Examples include, for instance, the use of photographs from Flickr for assessing the accuracy of Corine land cover [9] or the use of Twitter for determining whether earthquakes were felt [8]. We refer to the righthand side of Figure 1 as “crowdsourced geographic information” as this term covers both active and passive contributions while explicitly retaining the spatial dimension of the information. It also encompasses much of the diverse terminology into a single umbrella term.

2.2. Temporal Analysis of the Literature

The abstracts of 25,338 scientific papers, published between 1990 and 2015, which contained any of the terms listed in Table 1 in their title, keywords or abstract were downloaded from Scopus. The data were cleaned to remove English stopwords (conjunctions, pronouns etc.), numbers, punctuation, whitespaces and any words less than three characters long. The words were then stemmed, which is the process of establishing common etymological roots. For example, propose and proposal have the same stem of propos. The cleaned and stemmed abstracts were then organized into a corpus of 24 documents based on the year of publication. Figure 2 summarizes the frequency of their use, updating an initial analysis of such trends in Reference [48]. As expected, terms that describe more general crowdsourcing activities are more frequently used in contrast to GI specific ones but a number of specific temporal trends are evident: the steady rise of User-generated Content and Citizen Science, the long term, steady increase of Swarm Intelligence, the rise and perhaps fall of Mashups and the recent and intense rise of Crowdsourcing.
Here, the analysis of temporal trends in the use of key terms is extended with a focus on their relative search volumes with Google Trends.

2.3. Google Trends Analysis

The Google Trends website [49] allows for the examination of relative search volumes of terms over time. This analysis serves to illustrate trends in popularity of terms that are more mainstream than academic and is an indicator of movements from the academic literature to more layman outlets, e.g., through media and into popular science. Figure 3 shows the trends for the terms crowdsourcing and citizen science together. Both terms were first searched with sufficient volume using Google’s search engine during 2006, and both show an increase in search volume over time to reflect an increasing interest in these subjects. Crowdsourcing, compared to citizen science, has much larger search volumes, but this is unsurprising given the commercial interest in crowdsourcing as a business model. The large peak in the term crowdsourcing coincides with large-scale efforts by citizens to search for the missing Malaysian Airplane (flight MH370); over two million people helped search for the missing aircraft by analyzing satellite images [50]. The rest of the search terms from Table 1 were then put into the Google Trends application. Some search terms do not register a trend with sufficient search volume to generate a graph, including neogeography or terms that are generally more restricted to the academic literature. The term mashup(s) shows considerable search volume but is not displayed here, since mashup is a generic term for integrating data from different sources and can apply to non-geographic applications such as those connected with music or video and, therefore, goes beyond the realm of just spatial mashups that are relevant to this article.
Terms such as GeoWeb and web mapping pre-date 2005, which is around the time when Google Trends started. The web volume for the term GeoWeb was much higher than crowdsourcing, until the last few years when the search volumes are similar (Figure 4). Web mapping shows a steady decline over time and since 2010 is searched much less frequently than the other two terms.
The terms VGI, collaborative mapping and participatory sensing show very small search volumes with minor peaks of activity. These peaks might be linked to times of year when students have searched for references to complete course work or the occurrence of conferences and workshops at specific times of the year. However, when compared with terms such as citizen science, the search volumes of these terms are an order of magnitude lower (Figure 5). This is similar to what was found in the semantic analysis, with low frequencies registered for VGI, collaborative mapping and participatory sensing.

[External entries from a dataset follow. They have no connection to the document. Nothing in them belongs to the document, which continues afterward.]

(* Let $m,p$ be positive integers and let $\gamma=(\gamma_{ik})\in\{0,1\}^{m\times p}$ satisfy $\sum_{k=1}^p\gamma_{ik}=1$ for every $i=1,\dots,m$. For each $i$ let $\pi(i)$ be the unique $k$ with $\gamma_{ik}=1$. Then $\gamma$ satisfies \[\sum_{j=1}^{i-1}\gamma_{jk}\;\ge\;\sum_{l=k+1}^{p}\gamma_{il}\qquad\text{for all } i\in\{1,\dots,m\},\ k\in\{1,\dots,p\}\text{ with } k\le i\] (an empty sum being $0$) if and only if $\pi(1)=1$ and $\pi(i)\le 1+\max_{j<i}\pi(j)$ for every $i=2,\dots,m$. Consequently, for every partition of $\{1,\dots,m\}$ into at most $p$ nonempty blocks there is exactly one such $\gamma$ satisfying these inequalities whose nonempty level sets $\{i:\pi(i)=k\}$ are exactly the blocks of the partition, and for this $\gamma$ the indices $k$ of the nonempty level sets are exactly $1,\dots,r$, where $r$ is the number of blocks. *)

theory Defs
  imports Main "HOL-Library.Disjoint_Sets"
begin

definition is_assign :: "nat \<Rightarrow> nat \<Rightarrow> (nat \<Rightarrow> nat \<Rightarrow> nat) \<Rightarrow> bool" where
  "is_assign m p \<gamma> \<longleftrightarrow>
     (\<forall>i\<in>{1..m}. \<forall>k\<in>{1..p}. \<gamma> i k \<in> {0, 1}) \<and>
     (\<forall>i\<in>{1..m}. (\<Sum>k=1..p. \<gamma> i k) = 1)"

definition assign_pi :: "nat \<Rightarrow> (nat \<Rightarrow> nat \<Rightarrow> nat) \<Rightarrow> nat \<Rightarrow> nat" where
  "assign_pi p \<gamma> i = (THE k. k \<in> {1..p} \<and> \<gamma> i k = 1)"

definition ineq_cond :: "nat \<Rightarrow> nat \<Rightarrow> (nat \<Rightarrow> nat \<Rightarrow> nat) \<Rightarrow> bool" where
  "ineq_cond m p \<gamma> \<longleftrightarrow>
     (\<forall>i\<in>{1..m}. \<forall>k\<in>{1..p}. k \<le> i \<longrightarrow>
        (\<Sum>j=1..<i. \<gamma> j k) \<ge> (\<Sum>l=k+1..p. \<gamma> i l))"
(* The distributive law $\lambda$ of the free monad $\mathcal T_\Sigma$ over the cofree copointed functor $\langle\mathrm{Id}\times F,\pi_1\rangle$, induced by the abstract GSOS specification $\rho$ below, preserves the axioms of idempotent semirings. Consequently there is a distributive law $\kappa$ of the monad $\mathcal P_\omega((-)^* )$ over $\langle\mathrm{Id}\times F,\pi_1\rangle$ such that $i\circ q\colon\lambda\Rightarrow\kappa$ is a morphism of distributive laws. Here: - $q\colon T_\Sigma\Rightarrow T'$ is the quotient map to the free idempotent semiring monad; - $i\colon T'\Rightarrow\mathcal P_\omega((-)^* )$ is the monad isomorphism.
   Context: Work in $\mathrm{Set}$. Let $A$ be a set and $FX=2\times X^A$, where $2=\{0,1\}$. The signature functor is $\Sigma X=1+1+X\times X+X\times X$, with constants $\mathbf 0,\mathbf 1$ and binary operations $+,\cdot$. $\mathcal T_\Sigma$ is the free monad over $\Sigma$ ($T_\Sigma X$ = terms over $X$). The idempotent semiring axioms are: - $(x+y)+z=x+(y+z)$, $x+y=y+x$, $x+\mathbf 0=x$, $x+x=x$; - $(xy)z=x(yz)$, $\mathbf 1x=x=x\mathbf 1$; - $x(y+z)=xy+xz$, $(x+y)z=xz+yz$; - $\mathbf 0x=\mathbf 0=x\mathbf 0$. The monad $\mathcal P_\omega((-)^* )$ is defined by: - it sends $X$ to the set of finite sets of finite words over $X$; - $\mathcal P_\omega(f^* )(L)=\{f(x_1)\cdots f(x_n)\mid x_1\cdots x_n\in L\}$; - unit $x\mapsto\{x\}$; - multiplication $\mathcal L\mapsto\bigcup_{L_1\cdots L_n\in\mathcal L}\{w_1\cdots w_n\mid w_i\in L_i\}$. This monad is isomorphic to the quotient of $\mathcal T_\Sigma$ by the idempotent semiring axioms. A copointed functor is $\langle H,\epsilon\rangle$ with $\epsilon\colon H\Rightarrow\mathrm{Id}$. A distributive law over it is a distributive law $\lambda$ of the monad over $H$ satisfying $\epsilon_T\circ\lambda=T\epsilon$. Abstract GSOS specifications $\rho\colon\Sigma(\mathrm{Id}\times F)\Rightarrow FT_\Sigma$ correspond bijectively to distributive laws of $\mathcal T_\Sigma$ over $\langle\mathrm{Id}\times F,\pi_1\rangle$. Here $\rho$ is given by: - $\rho(\mathbf 0)=\langle 0,a\mapsto\mathbf 0\rangle$ and $\rho(\mathbf 1)=\langle 1,a\mapsto\mathbf 0\rangle$, where the empty sum is the term $\mathbf 0$; - $\rho(\langle x,o,f\rangle+\langle y,p,g\rangle)=\langle\max\{o,p\},a\mapsto f(a)+g(a)\rangle$; - $\rho(\langle x,o,f\rangle\cdot\langle y,p,g\rangle)=\langle\min\{o,p\},a\mapsto f(a)\cdot y\rangle$ if $o=0$; - $\rho(\langle x,o,f\rangle\cdot\langle y,p,g\rangle)=\langle\min\{o,p\},a\mapsto f(a)\cdot y+g(a)\rangle$ if $o=1$. $\lambda$ preserves an axiom $t_1=t_2$ if, for every set $X$ and every instantiation of its variables by elements of $X\times FX$, $\lambda_X(t_1)$ and $\lambda_X(t_2)$ are related by the lifting $\mathrm{Rel}(\mathrm{Id}\times F)$ of the congruence $\ker(q_X)$ on $T_\Sigma X$. This means their term components and their derivatives $a\mapsto(\cdot)$ at every $a$ are identified modulo the idempotent semiring axioms, and their output bits are equal. A morphism of distributive laws $\tau\colon\lambda\Rightarrow\kappa$ is a monad morphism $\tau$ with $\kappa\circ\tau_H=H\tau\circ\lambda$. *)

theory Defs
  imports Main "HOL-Library.FSet"
begin

datatype 'x sig = SZero | SOne | SPlus 'x 'x | STimes 'x 'x

datatype 'x trm = Var 'x | Op "'x trm sig"

primrec tjoin :: "'x trm trm \<Rightarrow> 'x trm" where
  "tjoin (Var t) = t"
| "tjoin (Op s) = Op (map_sig tjoin s)"

definition tbind :: "'x trm \<Rightarrow> ('x \<Rightarrow> 'y trm) \<Rightarrow> 'y trm" where
  "tbind t s = tjoin (map_trm s t)"

text \<open>The alphabet A is the type 'a; the set 2 = {0,1} is rendered as bool (0 = False, 1 = True).\<close>

type_synonym ('a, 'x) F = "bool \<times> ('a \<Rightarrow> 'x)"
type_synonym ('a, 'x) H = "'x \<times> bool \<times> ('a \<Rightarrow> 'x)"
lemma W2_sq_eq_INF_transport_cost: "W2_sq \<mu> \<nu> = (INF \<pi>\<in>couplings \<mu> \<nu>. transport_cost \<pi>)"
  unfolding W2_sq_def transport_cost_def ..

lemma transport_cost_eq_integral:
  "integrable \<pi> (\<lambda>p. (fst p - snd p)\<^sup>2) \<Longrightarrow> transport_cost \<pi> = ennreal (\<integral>p. (fst p - snd p)\<^sup>2 \<partial>\<pi>)"
  unfolding transport_cost_def by (rule nn_integral_eq_integral) auto

lemma couplingsD:
  assumes "\<pi> \<in> couplings \<mu> \<nu>"
  shows "prob_space \<pi>" and "sets \<pi> = sets (borel \<Otimes>\<^sub>M borel)"
    and "\<mu> = distr \<pi> borel fst" and "\<nu> = distr \<pi> borel snd"
  using assms unfolding couplings_def by (simp_all only: mem_Collect_eq borel_prod)

lemma couplings_measurable_fst_snd:
  assumes "\<pi> \<in> couplings \<mu> \<nu>"
  shows "fst \<in> borel_measurable \<pi>" and "snd \<in> borel_measurable \<pi>"
  by (subst measurable_cong_sets[OF couplingsD(2)[OF assms] refl], measurable)+

lemma couplings_integrable_square_diff:
  assumes "\<pi> \<in> couplings \<mu> \<nu>" and "integrable \<mu> (\<lambda>x. x\<^sup>2)" and "integrable \<nu> (\<lambda>x. x\<^sup>2)"
  shows "integrable \<pi> (\<lambda>p. (fst p - snd p)\<^sup>2)"
proof -
  note \<mu> = couplingsD(3)[OF assms(1)] and \<nu> = couplingsD(4)[OF assms(1)]
  note [measurable] = couplings_measurable_fst_snd[OF assms(1)]
  have "integrable \<pi> (\<lambda>p. (fst p)\<^sup>2)"
    using assms(2) integrable_distr_eq[of fst \<pi> borel "\<lambda>x. x\<^sup>2"] unfolding \<mu> by simp
  moreover have "integrable \<pi> (\<lambda>p. (snd p)\<^sup>2)"
    using assms(3) integrable_distr_eq[of snd \<pi> borel "\<lambda>x. x\<^sup>2"] unfolding \<nu> by simp
  ultimately have dominant: "integrable \<pi> (\<lambda>p. 2 * (fst p)\<^sup>2 + 2 * (snd p)\<^sup>2)"
    by simp
  have bound: "norm ((a - b)\<^sup>2) \<le> norm (2 * a\<^sup>2 + 2 * b\<^sup>2)" for a b :: real
  proof -
    have "(a - b)\<^sup>2 \<le> 2 * a\<^sup>2 + 2 * b\<^sup>2"
      using zero_le_power2[of "a + b"] by (simp add: power2_eq_square algebra_simps)
    then show ?thesis by simp
  qed
  show ?thesis
    by (rule Bochner_Integration.integrable_bound[OF dominant _ AE_I2[OF bound]]) measurable
qed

3. The Current State of Crowdsourced Geographic Information

To evaluate the current state of crowdsourced geographic information (which we use here as an umbrella term to include the different terms available), a review was undertaken of existing websites and mobile applications that involve the collection of any type of georeferenced information. The starting point for this review was VGI-Net [14], which was compiled by researchers at the University of California, Santa Barbara, the Ohio State University and the University of Washington in 2011. VGI-Net has not been maintained regularly, so hence the first task was to eliminate sites from the inventory that were no longer in operation (which was roughly half of the original sites on VGI-Net), keep those sites that were still operating, and then add new sites that have emerged since 2011. This resulted in approximately 100 sites and/or applications that have been reviewed. This review is not intended to be comprehensive, since sites and applications are changing all the time. Rather it is intended to provide a large enough sample from which to draw general conclusions about the current state of crowdsourced geographic information. These sites were then evaluated based on a series of criteria, as described below.

3.1. Theme

At the highest level, the sites and applications can be divided into three main types: (i) those that allow users to create and share a map; (ii) those that collect georeferenced data; and (iii) high level data sharing websites contributed by experts but which may include citizen-collected data. Of the roughly 100 sites reviewed, 12 were of the first type and four were of the third type. Therefore, the majority of sites/applications were focused on data collection, and these were further categorized by subject as outlined in Table 2.
The most frequent category of website was in the area of ecology (e.g., species identification), even though the websites and applications reviewed here represent only a small proportion of all the citizen science and crowdsourcing projects that are currently within the field of ecology, biology and nature conservation. Meta-sites maintained by Cornell University and SciStarter list many more that have not been reviewed here. This large number is unsurprising given the very long history of citizen science in these fields, stretching back decades and even centuries before the advent of the Internet [51,52].
Other categories with multiple sites (i.e., greater than 5) include environmental monitoring; location-based social media, where location plays a pivotal role in the social networking function such as sites for connecting people based on proximity; sites of interest/travel with sharing of geo-tagged photographs, videos and travel stories; transport including sites like OpenStreetMap for digitizing roads; and weather data, which covers amateur weather stations, snow depth and avalanche reporting. Disaster mapping is another category that is probably under-represented in this review, since sites tend to appear during events and then disappear post-event, or because contributors are often recruited on the ground and mapping takes place internal to organizations. However, there are at least three permanent sites that are noteworthy, i.e., Ushahidi [53], which is a platform to allow people in affected areas to upload and view georeferenced information online, Tomnod [54] for crowdsourced damage mapping, and the humanitarian arm of OpenStreetMap [55].
Although it is not possible to readily characterize sites by data volumes or number of transactions, there is a relationship between the way that the data are subsequently provided to the public (if access is open) and the amount of data collected. For example, the largest data volumes are often served using APIs (Application Programming Interfaces) as evidenced by sites such as OpenStreetMap, Geograph, Flickr and Twitter. Data volumes also tend to be higher in passively collected geographic information, notably, for instance, in relation to communications, location-based social media, or where sensors are used to collect data such as with transport, weather, hiking, or any site where there is a mobile application to facilitate data collection using mobile-phones or tablets, which is common in many ecology related applications.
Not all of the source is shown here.